Records excerpted from a collection:

***

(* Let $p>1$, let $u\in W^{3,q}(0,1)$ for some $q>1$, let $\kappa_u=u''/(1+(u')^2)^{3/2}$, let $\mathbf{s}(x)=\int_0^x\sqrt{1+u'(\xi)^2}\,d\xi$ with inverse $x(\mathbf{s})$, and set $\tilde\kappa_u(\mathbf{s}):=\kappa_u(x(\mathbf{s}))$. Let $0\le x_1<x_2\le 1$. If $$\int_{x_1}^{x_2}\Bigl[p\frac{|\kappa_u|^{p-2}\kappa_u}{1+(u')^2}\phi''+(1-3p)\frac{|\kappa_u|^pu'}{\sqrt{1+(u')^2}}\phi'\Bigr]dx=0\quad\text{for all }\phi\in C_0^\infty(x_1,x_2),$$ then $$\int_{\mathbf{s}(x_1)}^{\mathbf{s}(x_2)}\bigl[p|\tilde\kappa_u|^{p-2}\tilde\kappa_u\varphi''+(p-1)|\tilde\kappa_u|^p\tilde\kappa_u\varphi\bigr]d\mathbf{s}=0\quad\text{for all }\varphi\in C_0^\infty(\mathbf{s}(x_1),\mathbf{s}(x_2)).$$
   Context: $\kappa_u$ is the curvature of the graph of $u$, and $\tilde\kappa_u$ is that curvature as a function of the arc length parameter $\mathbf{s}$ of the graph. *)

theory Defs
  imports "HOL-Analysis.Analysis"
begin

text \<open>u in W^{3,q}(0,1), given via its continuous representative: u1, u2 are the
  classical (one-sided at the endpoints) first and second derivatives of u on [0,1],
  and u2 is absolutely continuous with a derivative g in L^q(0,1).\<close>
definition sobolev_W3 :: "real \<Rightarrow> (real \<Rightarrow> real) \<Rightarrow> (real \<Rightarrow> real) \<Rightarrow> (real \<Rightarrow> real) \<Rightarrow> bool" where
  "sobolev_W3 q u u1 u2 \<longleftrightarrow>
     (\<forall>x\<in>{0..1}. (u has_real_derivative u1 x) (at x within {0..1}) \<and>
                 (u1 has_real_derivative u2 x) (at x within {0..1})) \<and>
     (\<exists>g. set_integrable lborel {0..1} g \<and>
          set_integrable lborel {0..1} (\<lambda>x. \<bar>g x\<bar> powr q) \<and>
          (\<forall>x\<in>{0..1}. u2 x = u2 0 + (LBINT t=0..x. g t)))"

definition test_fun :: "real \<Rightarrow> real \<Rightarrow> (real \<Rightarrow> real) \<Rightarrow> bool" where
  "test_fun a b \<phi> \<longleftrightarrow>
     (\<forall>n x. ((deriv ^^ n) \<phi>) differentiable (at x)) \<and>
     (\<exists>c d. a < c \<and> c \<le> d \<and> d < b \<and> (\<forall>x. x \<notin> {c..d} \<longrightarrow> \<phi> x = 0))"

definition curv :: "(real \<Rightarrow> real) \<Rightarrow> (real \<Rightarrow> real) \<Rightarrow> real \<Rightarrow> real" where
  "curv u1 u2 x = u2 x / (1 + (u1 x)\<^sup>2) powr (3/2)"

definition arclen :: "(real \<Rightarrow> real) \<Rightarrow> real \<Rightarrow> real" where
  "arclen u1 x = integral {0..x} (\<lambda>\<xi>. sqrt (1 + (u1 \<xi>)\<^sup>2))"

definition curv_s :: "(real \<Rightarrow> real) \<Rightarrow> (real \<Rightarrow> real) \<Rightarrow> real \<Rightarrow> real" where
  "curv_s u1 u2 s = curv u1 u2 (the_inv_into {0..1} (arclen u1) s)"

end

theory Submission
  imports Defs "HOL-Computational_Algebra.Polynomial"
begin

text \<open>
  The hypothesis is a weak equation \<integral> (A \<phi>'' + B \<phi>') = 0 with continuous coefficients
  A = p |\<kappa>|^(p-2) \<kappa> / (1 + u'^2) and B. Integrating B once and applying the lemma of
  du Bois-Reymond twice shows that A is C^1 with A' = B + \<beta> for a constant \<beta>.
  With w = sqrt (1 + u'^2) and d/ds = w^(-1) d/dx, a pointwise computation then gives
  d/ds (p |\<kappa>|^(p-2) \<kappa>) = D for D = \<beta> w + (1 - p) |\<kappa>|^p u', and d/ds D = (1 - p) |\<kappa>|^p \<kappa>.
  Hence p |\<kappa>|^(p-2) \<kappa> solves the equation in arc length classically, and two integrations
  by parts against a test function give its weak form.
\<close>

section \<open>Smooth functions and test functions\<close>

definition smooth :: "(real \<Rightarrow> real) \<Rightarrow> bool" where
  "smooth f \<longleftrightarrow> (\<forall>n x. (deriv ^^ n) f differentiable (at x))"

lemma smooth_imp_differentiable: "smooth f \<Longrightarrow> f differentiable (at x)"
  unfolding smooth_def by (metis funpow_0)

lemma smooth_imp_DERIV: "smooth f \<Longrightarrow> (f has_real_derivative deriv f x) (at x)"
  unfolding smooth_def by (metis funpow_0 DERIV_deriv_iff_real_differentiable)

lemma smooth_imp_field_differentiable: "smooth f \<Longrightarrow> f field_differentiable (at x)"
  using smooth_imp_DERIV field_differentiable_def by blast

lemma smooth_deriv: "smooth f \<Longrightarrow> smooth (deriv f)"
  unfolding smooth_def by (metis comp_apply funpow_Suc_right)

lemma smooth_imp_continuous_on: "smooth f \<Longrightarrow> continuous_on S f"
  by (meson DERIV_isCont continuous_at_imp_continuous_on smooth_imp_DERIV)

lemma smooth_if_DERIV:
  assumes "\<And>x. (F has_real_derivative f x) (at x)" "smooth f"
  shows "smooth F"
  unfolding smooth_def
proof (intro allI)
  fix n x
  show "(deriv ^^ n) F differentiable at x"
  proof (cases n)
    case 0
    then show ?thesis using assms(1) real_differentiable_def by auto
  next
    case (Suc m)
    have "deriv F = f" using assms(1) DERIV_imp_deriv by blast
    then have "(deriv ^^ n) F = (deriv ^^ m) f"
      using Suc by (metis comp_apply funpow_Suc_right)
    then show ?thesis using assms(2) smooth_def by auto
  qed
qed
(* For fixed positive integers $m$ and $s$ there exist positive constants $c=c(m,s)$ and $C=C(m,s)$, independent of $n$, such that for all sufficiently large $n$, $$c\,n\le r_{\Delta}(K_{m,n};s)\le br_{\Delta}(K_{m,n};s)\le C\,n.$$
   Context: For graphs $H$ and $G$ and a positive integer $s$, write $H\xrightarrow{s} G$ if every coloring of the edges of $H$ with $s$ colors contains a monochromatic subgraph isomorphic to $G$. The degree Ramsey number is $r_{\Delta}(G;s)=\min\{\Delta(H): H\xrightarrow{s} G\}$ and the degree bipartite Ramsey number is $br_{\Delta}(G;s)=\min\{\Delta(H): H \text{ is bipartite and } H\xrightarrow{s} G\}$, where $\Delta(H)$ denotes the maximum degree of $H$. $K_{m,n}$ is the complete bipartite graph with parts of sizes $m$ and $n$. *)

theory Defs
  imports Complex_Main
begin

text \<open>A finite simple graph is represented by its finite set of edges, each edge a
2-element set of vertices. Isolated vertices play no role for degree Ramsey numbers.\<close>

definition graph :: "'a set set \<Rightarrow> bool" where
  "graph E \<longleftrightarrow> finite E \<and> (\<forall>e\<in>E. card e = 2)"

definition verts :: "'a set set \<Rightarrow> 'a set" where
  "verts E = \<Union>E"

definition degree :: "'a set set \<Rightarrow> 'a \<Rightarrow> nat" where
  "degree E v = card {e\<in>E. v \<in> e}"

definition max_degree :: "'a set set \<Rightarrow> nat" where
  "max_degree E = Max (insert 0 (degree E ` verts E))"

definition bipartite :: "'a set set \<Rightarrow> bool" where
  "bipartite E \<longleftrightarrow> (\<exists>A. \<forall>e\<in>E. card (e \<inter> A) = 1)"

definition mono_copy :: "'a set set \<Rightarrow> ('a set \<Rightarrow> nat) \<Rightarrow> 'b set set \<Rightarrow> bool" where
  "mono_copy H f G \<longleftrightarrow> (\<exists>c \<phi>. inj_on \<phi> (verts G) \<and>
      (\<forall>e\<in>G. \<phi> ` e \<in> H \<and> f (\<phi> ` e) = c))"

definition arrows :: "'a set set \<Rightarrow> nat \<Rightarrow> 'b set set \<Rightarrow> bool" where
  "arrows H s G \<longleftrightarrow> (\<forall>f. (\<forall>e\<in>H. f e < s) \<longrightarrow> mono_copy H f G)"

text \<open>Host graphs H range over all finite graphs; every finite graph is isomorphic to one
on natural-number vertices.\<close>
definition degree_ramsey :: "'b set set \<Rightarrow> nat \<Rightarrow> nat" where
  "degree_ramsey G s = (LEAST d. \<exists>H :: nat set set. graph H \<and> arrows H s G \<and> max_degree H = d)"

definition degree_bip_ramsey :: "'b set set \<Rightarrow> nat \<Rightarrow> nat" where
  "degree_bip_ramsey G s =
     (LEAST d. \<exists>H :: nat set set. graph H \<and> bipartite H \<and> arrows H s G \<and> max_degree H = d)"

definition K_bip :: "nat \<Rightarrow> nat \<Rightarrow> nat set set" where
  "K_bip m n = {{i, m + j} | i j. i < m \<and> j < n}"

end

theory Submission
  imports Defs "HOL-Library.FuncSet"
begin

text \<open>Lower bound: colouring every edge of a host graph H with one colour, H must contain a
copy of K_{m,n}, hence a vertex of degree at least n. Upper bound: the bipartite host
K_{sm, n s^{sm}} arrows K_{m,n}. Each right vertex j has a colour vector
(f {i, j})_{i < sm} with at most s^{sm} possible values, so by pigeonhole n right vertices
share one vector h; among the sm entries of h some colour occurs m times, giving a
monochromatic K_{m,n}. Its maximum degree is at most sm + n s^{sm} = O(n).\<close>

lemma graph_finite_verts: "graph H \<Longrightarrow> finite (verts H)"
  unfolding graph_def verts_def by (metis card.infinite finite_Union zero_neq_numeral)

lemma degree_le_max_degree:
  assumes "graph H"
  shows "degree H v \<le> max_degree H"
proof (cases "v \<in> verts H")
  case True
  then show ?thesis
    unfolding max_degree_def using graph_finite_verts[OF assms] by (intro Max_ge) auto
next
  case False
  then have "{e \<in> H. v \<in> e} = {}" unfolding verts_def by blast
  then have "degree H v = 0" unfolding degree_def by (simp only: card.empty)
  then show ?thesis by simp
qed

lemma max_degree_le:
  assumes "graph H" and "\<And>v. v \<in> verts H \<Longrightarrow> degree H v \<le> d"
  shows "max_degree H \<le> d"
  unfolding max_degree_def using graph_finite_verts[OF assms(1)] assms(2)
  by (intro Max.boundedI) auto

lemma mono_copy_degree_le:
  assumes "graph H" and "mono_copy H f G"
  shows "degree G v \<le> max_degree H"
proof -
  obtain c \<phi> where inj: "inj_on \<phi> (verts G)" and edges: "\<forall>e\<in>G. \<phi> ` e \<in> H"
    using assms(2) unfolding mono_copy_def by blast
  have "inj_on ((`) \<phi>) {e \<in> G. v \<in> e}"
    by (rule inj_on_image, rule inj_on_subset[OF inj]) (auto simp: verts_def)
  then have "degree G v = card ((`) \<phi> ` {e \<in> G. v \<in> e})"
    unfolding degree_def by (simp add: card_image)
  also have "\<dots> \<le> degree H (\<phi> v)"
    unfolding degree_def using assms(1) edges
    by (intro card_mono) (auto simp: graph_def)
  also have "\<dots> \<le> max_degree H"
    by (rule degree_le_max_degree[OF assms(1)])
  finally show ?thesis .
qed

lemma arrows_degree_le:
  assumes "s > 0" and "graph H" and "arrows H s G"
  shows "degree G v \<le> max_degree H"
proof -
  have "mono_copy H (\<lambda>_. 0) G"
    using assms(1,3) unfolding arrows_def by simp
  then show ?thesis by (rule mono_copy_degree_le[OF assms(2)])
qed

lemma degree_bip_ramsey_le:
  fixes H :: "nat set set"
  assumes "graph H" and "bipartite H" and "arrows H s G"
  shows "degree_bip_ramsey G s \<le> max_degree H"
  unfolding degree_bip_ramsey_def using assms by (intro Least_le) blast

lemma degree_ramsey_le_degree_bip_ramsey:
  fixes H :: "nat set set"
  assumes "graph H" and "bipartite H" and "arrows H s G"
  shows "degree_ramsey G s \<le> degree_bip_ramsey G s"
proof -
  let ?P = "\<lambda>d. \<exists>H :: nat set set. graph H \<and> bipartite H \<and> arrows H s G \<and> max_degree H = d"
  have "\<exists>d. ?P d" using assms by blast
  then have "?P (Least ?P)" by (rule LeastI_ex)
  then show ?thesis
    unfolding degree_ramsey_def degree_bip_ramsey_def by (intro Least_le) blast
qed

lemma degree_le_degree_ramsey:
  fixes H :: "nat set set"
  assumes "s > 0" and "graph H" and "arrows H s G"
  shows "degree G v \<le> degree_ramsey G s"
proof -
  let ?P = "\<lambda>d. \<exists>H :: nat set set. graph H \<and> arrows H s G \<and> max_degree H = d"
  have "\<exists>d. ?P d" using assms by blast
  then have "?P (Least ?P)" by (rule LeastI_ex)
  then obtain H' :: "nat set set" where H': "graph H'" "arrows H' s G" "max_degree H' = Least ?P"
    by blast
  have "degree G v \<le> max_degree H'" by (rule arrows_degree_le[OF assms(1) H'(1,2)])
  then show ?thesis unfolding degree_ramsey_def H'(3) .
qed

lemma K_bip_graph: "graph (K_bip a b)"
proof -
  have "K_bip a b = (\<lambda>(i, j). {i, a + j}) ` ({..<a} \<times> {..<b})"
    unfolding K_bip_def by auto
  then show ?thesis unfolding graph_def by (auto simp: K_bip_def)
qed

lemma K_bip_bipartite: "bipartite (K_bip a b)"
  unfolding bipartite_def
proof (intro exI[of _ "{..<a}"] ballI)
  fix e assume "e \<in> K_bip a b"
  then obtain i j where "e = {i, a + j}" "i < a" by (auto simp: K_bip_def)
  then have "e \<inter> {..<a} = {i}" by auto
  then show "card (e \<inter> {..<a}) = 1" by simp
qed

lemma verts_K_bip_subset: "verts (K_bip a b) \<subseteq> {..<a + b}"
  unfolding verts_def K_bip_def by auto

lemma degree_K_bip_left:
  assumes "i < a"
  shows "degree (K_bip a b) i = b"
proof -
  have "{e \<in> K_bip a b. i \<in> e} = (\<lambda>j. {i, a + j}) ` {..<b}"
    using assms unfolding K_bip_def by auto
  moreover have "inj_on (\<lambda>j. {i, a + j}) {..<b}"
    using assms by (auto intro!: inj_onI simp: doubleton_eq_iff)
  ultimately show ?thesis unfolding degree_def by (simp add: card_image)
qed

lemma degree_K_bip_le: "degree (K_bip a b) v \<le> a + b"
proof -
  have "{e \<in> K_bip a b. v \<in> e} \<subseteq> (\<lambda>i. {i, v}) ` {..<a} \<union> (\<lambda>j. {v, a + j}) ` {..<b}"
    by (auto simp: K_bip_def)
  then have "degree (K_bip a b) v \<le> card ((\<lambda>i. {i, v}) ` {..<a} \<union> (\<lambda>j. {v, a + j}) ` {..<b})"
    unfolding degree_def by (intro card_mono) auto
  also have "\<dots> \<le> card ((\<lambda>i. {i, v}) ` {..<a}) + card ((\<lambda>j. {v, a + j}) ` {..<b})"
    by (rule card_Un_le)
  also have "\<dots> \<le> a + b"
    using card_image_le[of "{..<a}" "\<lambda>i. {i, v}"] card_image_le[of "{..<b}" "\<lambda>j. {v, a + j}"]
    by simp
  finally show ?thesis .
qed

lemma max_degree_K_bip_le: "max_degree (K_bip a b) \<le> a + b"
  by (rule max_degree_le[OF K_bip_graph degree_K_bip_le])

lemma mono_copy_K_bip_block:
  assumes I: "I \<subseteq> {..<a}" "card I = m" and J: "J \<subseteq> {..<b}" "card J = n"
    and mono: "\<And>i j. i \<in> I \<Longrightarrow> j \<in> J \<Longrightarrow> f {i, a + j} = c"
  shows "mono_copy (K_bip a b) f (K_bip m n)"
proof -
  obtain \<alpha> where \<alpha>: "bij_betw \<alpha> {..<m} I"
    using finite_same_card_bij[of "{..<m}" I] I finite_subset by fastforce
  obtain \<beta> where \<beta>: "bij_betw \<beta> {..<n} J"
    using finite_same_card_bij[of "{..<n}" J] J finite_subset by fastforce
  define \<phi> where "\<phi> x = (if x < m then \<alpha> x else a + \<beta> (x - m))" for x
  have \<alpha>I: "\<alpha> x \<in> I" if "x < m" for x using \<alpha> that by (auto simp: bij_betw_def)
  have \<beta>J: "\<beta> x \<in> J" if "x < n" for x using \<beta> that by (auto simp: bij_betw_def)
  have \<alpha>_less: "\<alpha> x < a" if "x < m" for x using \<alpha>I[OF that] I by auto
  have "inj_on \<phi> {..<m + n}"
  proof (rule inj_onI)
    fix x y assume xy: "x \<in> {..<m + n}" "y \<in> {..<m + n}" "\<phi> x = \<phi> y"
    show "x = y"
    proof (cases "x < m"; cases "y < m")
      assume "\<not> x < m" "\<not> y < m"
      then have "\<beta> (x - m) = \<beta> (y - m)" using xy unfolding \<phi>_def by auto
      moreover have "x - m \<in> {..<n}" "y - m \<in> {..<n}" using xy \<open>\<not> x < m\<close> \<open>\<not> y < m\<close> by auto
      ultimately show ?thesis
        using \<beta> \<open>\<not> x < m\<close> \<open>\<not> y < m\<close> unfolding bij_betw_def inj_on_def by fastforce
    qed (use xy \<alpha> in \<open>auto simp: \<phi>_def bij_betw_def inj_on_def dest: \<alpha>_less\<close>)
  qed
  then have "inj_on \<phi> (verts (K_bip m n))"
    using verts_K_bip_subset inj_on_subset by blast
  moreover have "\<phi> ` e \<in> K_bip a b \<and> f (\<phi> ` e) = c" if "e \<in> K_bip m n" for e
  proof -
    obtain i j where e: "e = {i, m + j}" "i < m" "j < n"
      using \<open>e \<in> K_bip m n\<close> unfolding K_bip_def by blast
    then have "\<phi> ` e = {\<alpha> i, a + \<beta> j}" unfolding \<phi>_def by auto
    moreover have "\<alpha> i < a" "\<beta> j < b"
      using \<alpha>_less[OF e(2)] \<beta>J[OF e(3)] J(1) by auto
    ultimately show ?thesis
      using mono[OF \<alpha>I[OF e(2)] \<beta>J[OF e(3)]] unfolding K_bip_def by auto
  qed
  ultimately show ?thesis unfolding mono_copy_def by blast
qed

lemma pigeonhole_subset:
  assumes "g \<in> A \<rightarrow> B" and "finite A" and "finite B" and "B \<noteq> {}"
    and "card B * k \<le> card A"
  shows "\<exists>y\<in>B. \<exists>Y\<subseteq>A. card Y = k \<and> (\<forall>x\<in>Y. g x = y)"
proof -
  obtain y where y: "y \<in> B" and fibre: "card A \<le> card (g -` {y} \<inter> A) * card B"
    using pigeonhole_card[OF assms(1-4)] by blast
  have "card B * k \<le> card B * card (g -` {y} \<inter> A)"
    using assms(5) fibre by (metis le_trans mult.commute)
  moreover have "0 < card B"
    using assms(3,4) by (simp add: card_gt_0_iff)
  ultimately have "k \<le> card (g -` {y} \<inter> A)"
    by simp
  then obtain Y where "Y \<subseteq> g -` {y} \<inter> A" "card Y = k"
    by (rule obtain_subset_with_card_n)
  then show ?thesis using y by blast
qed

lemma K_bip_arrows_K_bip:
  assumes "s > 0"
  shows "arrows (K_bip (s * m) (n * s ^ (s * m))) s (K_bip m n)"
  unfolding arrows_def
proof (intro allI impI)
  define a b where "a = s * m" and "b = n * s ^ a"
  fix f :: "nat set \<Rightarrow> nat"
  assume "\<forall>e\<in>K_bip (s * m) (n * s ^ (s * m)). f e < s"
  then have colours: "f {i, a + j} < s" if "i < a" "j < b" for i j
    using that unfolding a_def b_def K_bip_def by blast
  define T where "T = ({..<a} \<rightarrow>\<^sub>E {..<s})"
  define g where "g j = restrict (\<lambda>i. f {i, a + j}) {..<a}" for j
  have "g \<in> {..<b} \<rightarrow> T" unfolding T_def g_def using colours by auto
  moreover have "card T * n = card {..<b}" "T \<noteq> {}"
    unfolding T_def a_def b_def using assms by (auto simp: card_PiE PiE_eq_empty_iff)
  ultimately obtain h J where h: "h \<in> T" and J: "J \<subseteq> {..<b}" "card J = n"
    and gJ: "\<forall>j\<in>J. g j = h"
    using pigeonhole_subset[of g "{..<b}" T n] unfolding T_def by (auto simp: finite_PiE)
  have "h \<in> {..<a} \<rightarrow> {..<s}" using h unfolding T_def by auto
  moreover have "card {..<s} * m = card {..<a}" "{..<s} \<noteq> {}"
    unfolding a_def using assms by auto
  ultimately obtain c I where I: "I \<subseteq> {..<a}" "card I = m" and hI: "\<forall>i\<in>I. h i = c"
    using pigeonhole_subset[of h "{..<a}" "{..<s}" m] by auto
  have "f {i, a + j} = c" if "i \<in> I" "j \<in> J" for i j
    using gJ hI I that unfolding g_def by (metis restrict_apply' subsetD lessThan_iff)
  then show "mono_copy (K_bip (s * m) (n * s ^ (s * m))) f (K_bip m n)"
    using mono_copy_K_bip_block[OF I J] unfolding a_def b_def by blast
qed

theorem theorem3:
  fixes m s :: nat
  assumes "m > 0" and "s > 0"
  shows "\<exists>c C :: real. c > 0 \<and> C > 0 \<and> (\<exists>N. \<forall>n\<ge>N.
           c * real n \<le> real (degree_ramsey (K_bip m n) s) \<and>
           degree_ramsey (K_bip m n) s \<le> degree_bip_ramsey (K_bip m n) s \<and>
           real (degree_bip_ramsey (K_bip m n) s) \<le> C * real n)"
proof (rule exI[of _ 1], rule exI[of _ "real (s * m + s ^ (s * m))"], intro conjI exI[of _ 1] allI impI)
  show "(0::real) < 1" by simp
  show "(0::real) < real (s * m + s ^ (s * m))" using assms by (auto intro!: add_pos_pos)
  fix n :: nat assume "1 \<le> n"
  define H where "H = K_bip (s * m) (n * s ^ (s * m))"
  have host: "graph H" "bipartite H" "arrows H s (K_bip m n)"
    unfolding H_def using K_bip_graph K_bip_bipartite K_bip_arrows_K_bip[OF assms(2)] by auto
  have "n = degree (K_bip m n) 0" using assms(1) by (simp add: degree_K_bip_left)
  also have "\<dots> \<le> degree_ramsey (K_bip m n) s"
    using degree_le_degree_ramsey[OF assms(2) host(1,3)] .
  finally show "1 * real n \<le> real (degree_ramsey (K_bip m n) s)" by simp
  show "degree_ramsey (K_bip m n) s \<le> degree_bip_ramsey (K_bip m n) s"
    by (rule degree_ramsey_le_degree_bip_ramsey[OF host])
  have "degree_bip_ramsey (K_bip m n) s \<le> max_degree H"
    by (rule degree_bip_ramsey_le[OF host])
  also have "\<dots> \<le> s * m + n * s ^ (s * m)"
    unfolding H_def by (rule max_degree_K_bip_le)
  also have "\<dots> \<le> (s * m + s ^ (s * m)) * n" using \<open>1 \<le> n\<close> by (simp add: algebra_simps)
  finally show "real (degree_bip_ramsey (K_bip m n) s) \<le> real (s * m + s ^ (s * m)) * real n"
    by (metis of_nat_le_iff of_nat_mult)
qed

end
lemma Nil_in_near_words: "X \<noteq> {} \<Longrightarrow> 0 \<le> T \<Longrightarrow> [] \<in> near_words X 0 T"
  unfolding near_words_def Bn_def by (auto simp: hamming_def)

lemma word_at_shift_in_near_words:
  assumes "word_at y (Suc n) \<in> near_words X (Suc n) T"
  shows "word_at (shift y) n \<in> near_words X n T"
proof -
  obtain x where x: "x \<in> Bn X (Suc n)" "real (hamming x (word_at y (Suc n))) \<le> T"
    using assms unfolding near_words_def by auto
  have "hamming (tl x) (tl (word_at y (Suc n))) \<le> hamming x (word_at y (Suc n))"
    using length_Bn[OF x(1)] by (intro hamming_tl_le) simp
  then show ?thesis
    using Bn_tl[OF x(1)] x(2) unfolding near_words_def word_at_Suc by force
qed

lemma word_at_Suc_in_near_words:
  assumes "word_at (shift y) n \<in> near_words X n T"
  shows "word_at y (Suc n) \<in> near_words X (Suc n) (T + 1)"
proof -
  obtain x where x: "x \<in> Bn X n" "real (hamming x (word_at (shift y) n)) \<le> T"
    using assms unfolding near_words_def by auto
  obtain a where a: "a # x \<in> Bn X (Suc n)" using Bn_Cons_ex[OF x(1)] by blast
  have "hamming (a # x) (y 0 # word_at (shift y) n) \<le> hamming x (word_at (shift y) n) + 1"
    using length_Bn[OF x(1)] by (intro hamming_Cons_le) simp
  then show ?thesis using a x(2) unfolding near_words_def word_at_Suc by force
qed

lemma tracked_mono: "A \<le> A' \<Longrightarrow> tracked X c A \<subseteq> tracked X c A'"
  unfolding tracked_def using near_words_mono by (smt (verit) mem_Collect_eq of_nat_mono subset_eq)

***

[What you have to do] All lines of the entries above where "vertices" turns up should be reported.

[Solution to the problem]
2-element set of vertices. Isolated vertices play no role for degree Ramsey numbers.\<close>
on natural-number vertices.\<close>
(f {i, j})_{i < sm} with at most s^{sm} possible values, so by pigeonhole n right vertices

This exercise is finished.